Biographical details
- Born: May 14, 1920 Toronto, Ohio, U.S.
- Died: August 5, 1993 (aged 73) Tallahassee, Florida, U.S.

Playing career
- 1945: Ohio Northern
- Position: End

Coaching career (HC unless noted)
- 1949–1950: Mansfield HS (OH) (assistant)
- 1951–1954: Mansfield HS (OH)
- 1955–1959: LSU (assistant)
- 1960–1970: Florida State
- 1971: Rice
- 1972–1973: Houston Oilers

Administrative career (AD unless noted)
- 1970–1971: Rice
- 1982–1985: UCF

Head coaching record
- Overall: 65–49–12 (college) 1–18 (NFL)

= Bill Peterson =

American football player, coach and college athletics administrator

William E. Peterson (May 14, 1920 – August 5, 1993) was an American football player, coach, and college athletics administrator. His career included head coaching stops at Florida State University, Rice University and with the Houston Oilers of the National Football League (NFL). Considered one of the unique characters in college sports, Peterson is credited with bringing the pro passing game to college football. He is also known as the "Coach of Coaches", having tutored such coaches as Joe Gibbs, Bill Parcells, Bobby Bowden, Don James, Dan Henning, Ken Meyer and many others. Coach "Pete", as he was known, is also remembered for his odd usage of the English language. One of his more novel expressions was to have his team "pair off in groups of threes, then line up in a circle." Beyond his trials with syntax, Peterson is best remembered for bringing the Seminoles to the forefront of college football, using pro-style offenses and a much feared passing game.

==Youth and family life==
Born in Toronto, Ohio, Bill Peterson was the eldest of six children. When his father died at the age of twelve, Peterson thought his dream of coaching had died as well. He recounted those feelings in his book, Building from the Start:

Visions of playing and someday coaching football would walk through my mind. I would bite my lip, fight back the tears, and roll my face into the pillow. "Bill Peterson", I would say, "You have no right to think about such things. They are for other people." Finally, I would sleep, but the dreams would fill my young mind. I'm glad they did.

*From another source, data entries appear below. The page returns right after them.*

lemma potential_after_perturbed_step:
  "potential x0 m (x - \<gamma> *\<^sub>R (g x + e))
    \<le> (norm (x0 - x + (\<gamma> * real m) *\<^sub>R g x0 + \<gamma> *\<^sub>R g x + \<gamma> *\<^sub>R e))\<^sup>2
      + weight m * ((norm (g x))\<^sup>2 + \<gamma> * L * (norm e)\<^sup>2)"
proof -
  have shift: "x0 - (x - \<gamma> *\<^sub>R (g x + e)) + (\<gamma> * real m) *\<^sub>R g x0
      = x0 - x + (\<gamma> * real m) *\<^sub>R g x0 + \<gamma> *\<^sub>R g x + \<gamma> *\<^sub>R e"
    by (simp add: algebra_simps)
  have "weight m * (norm (g (x - \<gamma> *\<^sub>R (g x + e))))\<^sup>2
      \<le> weight m * ((norm (g x))\<^sup>2 + \<gamma> * L * (norm e)\<^sup>2)"
    using norm_gradient_after_step[OF step_pos step_le] weight_nonneg by (rule mult_left_mono)
  then show ?thesis
    unfolding potential_def shift by (rule add_left_mono)
qed

lemma potential_step:
  "(\<integral>\<^sup>+ z. potential x0 m (x - \<gamma> *\<^sub>R G x z) \<partial>M) + ennreal (\<gamma>\<^sup>2 * real (Suc m) * (norm (g x0))\<^sup>2)
    \<le> ennreal (potential x0 (Suc m) x + \<gamma>\<^sup>2 * \<rho>\<^sup>2 + weight m * \<gamma> * L * \<rho>\<^sup>2)"
proof -
  define e where "e = (\<lambda>z. G x z - g x)"
  define A where "A = x0 - x + (\<gamma> * real m) *\<^sub>R g x0 + \<gamma> *\<^sub>R g x"
  define V where "V = (\<integral>z. (norm (e z))\<^sup>2 \<partial>M)"
  define H where "H z = (norm (A + \<gamma> *\<^sub>R e z))\<^sup>2 + weight m * ((norm (g x))\<^sup>2 + \<gamma> * L * (norm (e z))\<^sup>2)"
    for z
  have e: "integrable M e" "(\<integral>z. e z \<partial>M) = 0" "integrable M (\<lambda>z. (norm (e z))\<^sup>2)" "V \<le> \<rho>\<^sup>2"
    using unbiased[of x] noise_second_moment[of x] by (auto simp: e_def V_def prob_space)
  have H_nonneg: "0 \<le> H z" for z
    unfolding H_def using weight_nonneg step_pos L_nonneg by (intro add_nonneg_nonneg) auto
  have square_integrable: "integrable M (\<lambda>z. (norm (A + \<gamma> *\<^sub>R e z))\<^sup>2)"
    unfolding power2_norm_add using e by (auto simp: power_mult_distrib)
  then have H_integrable: "integrable M H"
    unfolding H_def using e by simp
  have "(\<integral>z. (norm (A + \<gamma> *\<^sub>R e z))\<^sup>2 \<partial>M) = (norm A)\<^sup>2 + \<gamma>\<^sup>2 * V"
    using expectation_power2_norm_add_centered[of "\<lambda>z. \<gamma> *\<^sub>R e z" A] e
    by (simp add: V_def power_mult_distrib)
  then have H_integral: "(\<integral>z. H z \<partial>M) = (norm A)\<^sup>2 + \<gamma>\<^sup>2 * V + weight m * ((norm (g x))\<^sup>2 + \<gamma> * L * V)"
    unfolding H_def using square_integrable e by (simp add: V_def prob_space)
  have "potential x0 m (x - \<gamma> *\<^sub>R G x z) \<le> H z" for z
    using potential_after_perturbed_step[of x0 m x "e z"] by (simp add: H_def A_def e_def)
  then have "(\<integral>\<^sup>+ z. potential x0 m (x - \<gamma> *\<^sub>R G x z) \<partial>M) \<le> (\<integral>\<^sup>+ z. H z \<partial>M)"
    by (intro nn_integral_mono ennreal_leI)
  also have "\<dots> = ennreal (\<integral>z. H z \<partial>M)"
    using H_integrable H_nonneg by (simp add: nn_integral_eq_integral)
  finally have "(\<integral>\<^sup>+ z. potential x0 m (x - \<gamma> *\<^sub>R G x z) \<partial>M) + ennreal (\<gamma>\<^sup>2 * real (Suc m) * (norm (g x0))\<^sup>2)
      \<le> ennreal ((\<integral>z. H z \<partial>M) + \<gamma>\<^sup>2 * real (Suc m) * (norm (g x0))\<^sup>2)"
    using H_nonneg by (simp add: add_right_mono integral_nonneg_AE)
  also have "\<dots> \<le> ennreal (potential x0 (Suc m) x + \<gamma>\<^sup>2 * \<rho>\<^sup>2 + weight m * \<gamma> * L * \<rho>\<^sup>2)"
  proof (rule ennreal_leI)
    have "(norm A)\<^sup>2 + \<gamma>\<^sup>2 * real (Suc m) * (norm (g x0))\<^sup>2
        \<le> (norm (x0 - x + (\<gamma> * real (Suc m)) *\<^sub>R g x0))\<^sup>2 + \<gamma>\<^sup>2 * real (Suc m) * (norm (g x))\<^sup>2"
      using anchored_gradient_shift[of \<gamma> "real (Suc m)" x0 x] step_pos by (simp add: A_def)
    moreover have "\<gamma>\<^sup>2 * V \<le> \<gamma>\<^sup>2 * \<rho>\<^sup>2" "weight m * \<gamma> * L * V \<le> weight m * \<gamma> * L * \<rho>\<^sup>2"
      using e(4) weight_nonneg step_pos L_nonneg by (simp_all add: mult_left_mono)
    ultimately show "(\<integral>z. H z \<partial>M) + \<gamma>\<^sup>2 * real (Suc m) * (norm (g x0))\<^sup>2
      \<le> potential x0 (Suc m) x + \<gamma>\<^sup>2 * \<rho>\<^sup>2 + weight m * \<gamma> * L * \<rho>\<^sup>2"
      by (simp add: H_integral potential_def weight_Suc algebra_simps)
  qed
  finally show ?thesis .
qed

lemma expected_potential_step:
  "(\<integral>\<^sup>+ w. potential x0 m (sgd_iter G \<gamma> x0 w (Suc s)) \<partial>PiM {..<Suc s} (\<lambda>_. M))
      + ennreal (\<gamma>\<^sup>2 * real (Suc m) * (norm (g x0))\<^sup>2)
    \<le> (\<integral>\<^sup>+ w. potential x0 (Suc m) (sgd_iter G \<gamma> x0 w s) \<partial>PiM {..<s} (\<lambda>_. M))
      + ennreal (\<gamma>\<^sup>2 * \<rho>\<^sup>2 + weight m * \<gamma> * L * \<rho>\<^sup>2)"
proof -
  let ?P = "PiM {..<s} (\<lambda>_. M)"
  let ?X = "\<lambda>w. sgd_iter G \<gamma> x0 w s"
  interpret P: prob_space ?P
    by (intro prob_space_PiM prob_space_axioms)
  have [measurable]: "?X \<in> borel_measurable ?P"
    using measurable_sgd_iter[OF G_measurable] by simp
  have [measurable]: "(\<lambda>x. \<integral>\<^sup>+ z. potential x0 m (x - \<gamma> *\<^sub>R G x z) \<partial>M) \<in> borel_measurable borel"
    using G_measurable by measurable
  have "(\<integral>\<^sup>+ w. potential x0 m (sgd_iter G \<gamma> x0 w (Suc s)) \<partial>PiM {..<Suc s} (\<lambda>_. M))
    = (\<integral>\<^sup>+ w. (\<integral>\<^sup>+ z. potential x0 m (?X w - \<gamma> *\<^sub>R G (?X w) z) \<partial>M) \<partial>?P)"
    by (rule nn_integral_sgd_iter_Suc[OF sigma_finite_measure G_measurable]) measurable
  then have "(\<integral>\<^sup>+ w. potential x0 m (sgd_iter G \<gamma> x0 w (Suc s)) \<partial>PiM {..<Suc s} (\<lambda>_. M))
      + ennreal (\<gamma>\<^sup>2 * real (Suc m) * (norm (g x0))\<^sup>2)
    = (\<integral>\<^sup>+ w. (\<integral>\<^sup>+ z. potential x0 m (?X w - \<gamma> *\<^sub>R G (?X w) z) \<partial>M)
      + ennreal (\<gamma>\<^sup>2 * real (Suc m) * (norm (g x0))\<^sup>2) \<partial>?P)"
    by (simp add: nn_integral_add P.emeasure_space_1)
  also have "\<dots> \<le> (\<integral>\<^sup>+ w. ennreal (potential x0 (Suc m) (?X w))
      + ennreal (\<gamma>\<^sup>2 * \<rho>\<^sup>2 + weight m * \<gamma> * L * \<rho>\<^sup>2) \<partial>?P)"
    using potential_step potential_nonneg weight_nonneg step_pos L_nonneg
    by (intro nn_integral_mono) (simp add: ennreal_plus[symmetric] add.assoc del: ennreal_plus)
  also have "\<dots> = (\<integral>\<^sup>+ w. potential x0 (Suc m) (?X w) \<partial>?P)
      + ennreal (\<gamma>\<^sup>2 * \<rho>\<^sup>2 + weight m * \<gamma> * L * \<rho>\<^sup>2)"
    by (simp add: nn_integral_add P.emeasure_space_1)
  finally show ?thesis .
qed

lemma sum_weight: "(\<Sum>i<n. weight i) = \<gamma>\<^sup>2 * (real n - 1) * real n * (real n + 1) / 6"
  by (induction n) (simp_all add: weight_def field_simps)

lemma sum_weight_increments: "(\<Sum>i<n. \<gamma>\<^sup>2 * real (Suc i)) = weight n"
  by (induction n) (simp_all add: weight_Suc weight_def[of 0])

theorem expected_distance_bound:
  "(\<integral>\<^sup>+ w. ennreal ((norm (x0 - sgd_iter G \<gamma> x0 w n))\<^sup>2) \<partial>PiM {..<n} (\<lambda>_. M))
    \<le> ennreal (\<gamma>\<^sup>2 * (real n)\<^sup>2 * (norm (g x0))\<^sup>2
        + \<gamma>\<^sup>2 * real n * (1 + (real n - 1) * (real n + 1) / 6 * \<gamma> * L) * \<rho>\<^sup>2)"
proof -
  define a where "a s = (\<integral>\<^sup>+ w. potential x0 (n - s) (sgd_iter G \<gamma> x0 w s) \<partial>PiM {..<s} (\<lambda>_. M))"
    for s
  define d where "d m = \<gamma>\<^sup>2 * real (Suc m) * (norm (g x0))\<^sup>2" for m
  define K where "K m = \<gamma>\<^sup>2 * \<rho>\<^sup>2 + weight m * \<gamma> * L * \<rho>\<^sup>2" for m
  have d_nonneg: "0 \<le> d m" and K_nonneg: "0 \<le> K m" for m
    using weight_nonneg step_pos L_nonneg by (auto simp: d_def K_def)
  have step: "a (Suc s) + ennreal (d (n - Suc s)) \<le> a s + ennreal (K (n - Suc s))" if "s < n" for s
    using expected_potential_step[of s x0 "n - Suc s"] that
    by (simp add: a_def d_def K_def Suc_diff_Suc)
  have "a n + (\<Sum>s<n. ennreal (d (n - Suc s))) \<le> a 0 + (\<Sum>s<n. ennreal (K (n - Suc s)))"
    using step by (rule telescoping_sum_le)
  moreover have "a n = (\<integral>\<^sup>+ w. ennreal ((norm (x0 - sgd_iter G \<gamma> x0 w n))\<^sup>2) \<partial>PiM {..<n} (\<lambda>_. M))"
    by (simp add: a_def potential_def weight_def)
  moreover have "a 0 = ennreal (\<gamma>\<^sup>2 * (real n)\<^sup>2 * (norm (g x0))\<^sup>2) + ennreal (\<Sum>i<n. d i)"
  proof -
    have "(\<Sum>i<n. d i) = weight n * (norm (g x0))\<^sup>2"
      using sum_weight_increments[of n] by (simp add: d_def sum_distrib_right[symmetric])
    then show ?thesis
      by (simp add: a_def potential_def prob_space.emeasure_space_1[OF prob_space_PiM]
          prob_space_axioms power_mult_distrib weight_nonneg)
  qed
  ultimately have "(\<integral>\<^sup>+ w. ennreal ((norm (x0 - sgd_iter G \<gamma> x0 w n))\<^sup>2) \<partial>PiM {..<n} (\<lambda>_. M))
      \<le> ennreal (\<gamma>\<^sup>2 * (real n)\<^sup>2 * (norm (g x0))\<^sup>2 + (\<Sum>i<n. K i))"
    using d_nonneg K_nonneg
    by (simp add: sum.nat_diff_reindex[where g = "\<lambda>i. ennreal (d i)"]
        sum.nat_diff_reindex[where g = "\<lambda>i. ennreal (K i)"] sum_nonneg ennreal_add_left_cancel_le
        ac_simps)
  also have "(\<Sum>i<n. K i) = real n * (\<gamma>\<^sup>2 * \<rho>\<^sup>2) + (\<Sum>i<n. weight i) * (\<gamma> * L * \<rho>\<^sup>2)"
    by (simp add: K_def sum.distrib sum_distrib_right mult.assoc)
  finally show ?thesis
    by (simp add: sum_weight algebra_simps)
qed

Peterson persevered and ultimately earned a degree from Ohio Northern University in 1946. Playing end on the football team, Peterson was selected as a team captain. It was there that he met his wife, Marge, with whom he would be married for 52 years. Together, the couple had five sons. His second youngest son, Bill Jr., is currently the athletics director at Shorter University in Rome, Georgia. Peterson's brother, Jack Peterson, was the head football coach at Wofford College from 1971 until 1973.

==Coaching career==
Peterson began his coaching career as a high school coach in Ohio, recording a 51–22–3 record before joining Paul Dietzel in 1955 as an assistant coach at LSU. Working as the Tigers offensive line coach, Peterson was considered an integral part of the coaching staff that led the Tigers to the 1958 national championship. Peterson's work at LSU resulted in his being named the head football coach at Florida State in December 1959.

According to Florida State's 2008 football media guide, "Florida State's arrival on the national map occurred during Peterson's eleven seasons as head coach." While at FSU, Peterson would be recognized for his offensive innovations as well as a number of significant firsts for that fledgling football program. Peterson became the first Seminole coach to beat the University of Florida, a 16–7 win at Doak Campbell Stadium. Peterson also coached the Seminoles to their first win ever at Florida Field. Under Peterson, Fred Biletnikoff would become the Seminoles first All-American. Peterson also recruited the Seminoles' first black football players, including J.T. Thomas, the first black individual to ever play varsity football at FSU. In recognition of his many accomplishments at Florida State, "H" style goal posts were added to the field at Doak Campbell Stadium in 2002 and have been named, "Pete's Posts".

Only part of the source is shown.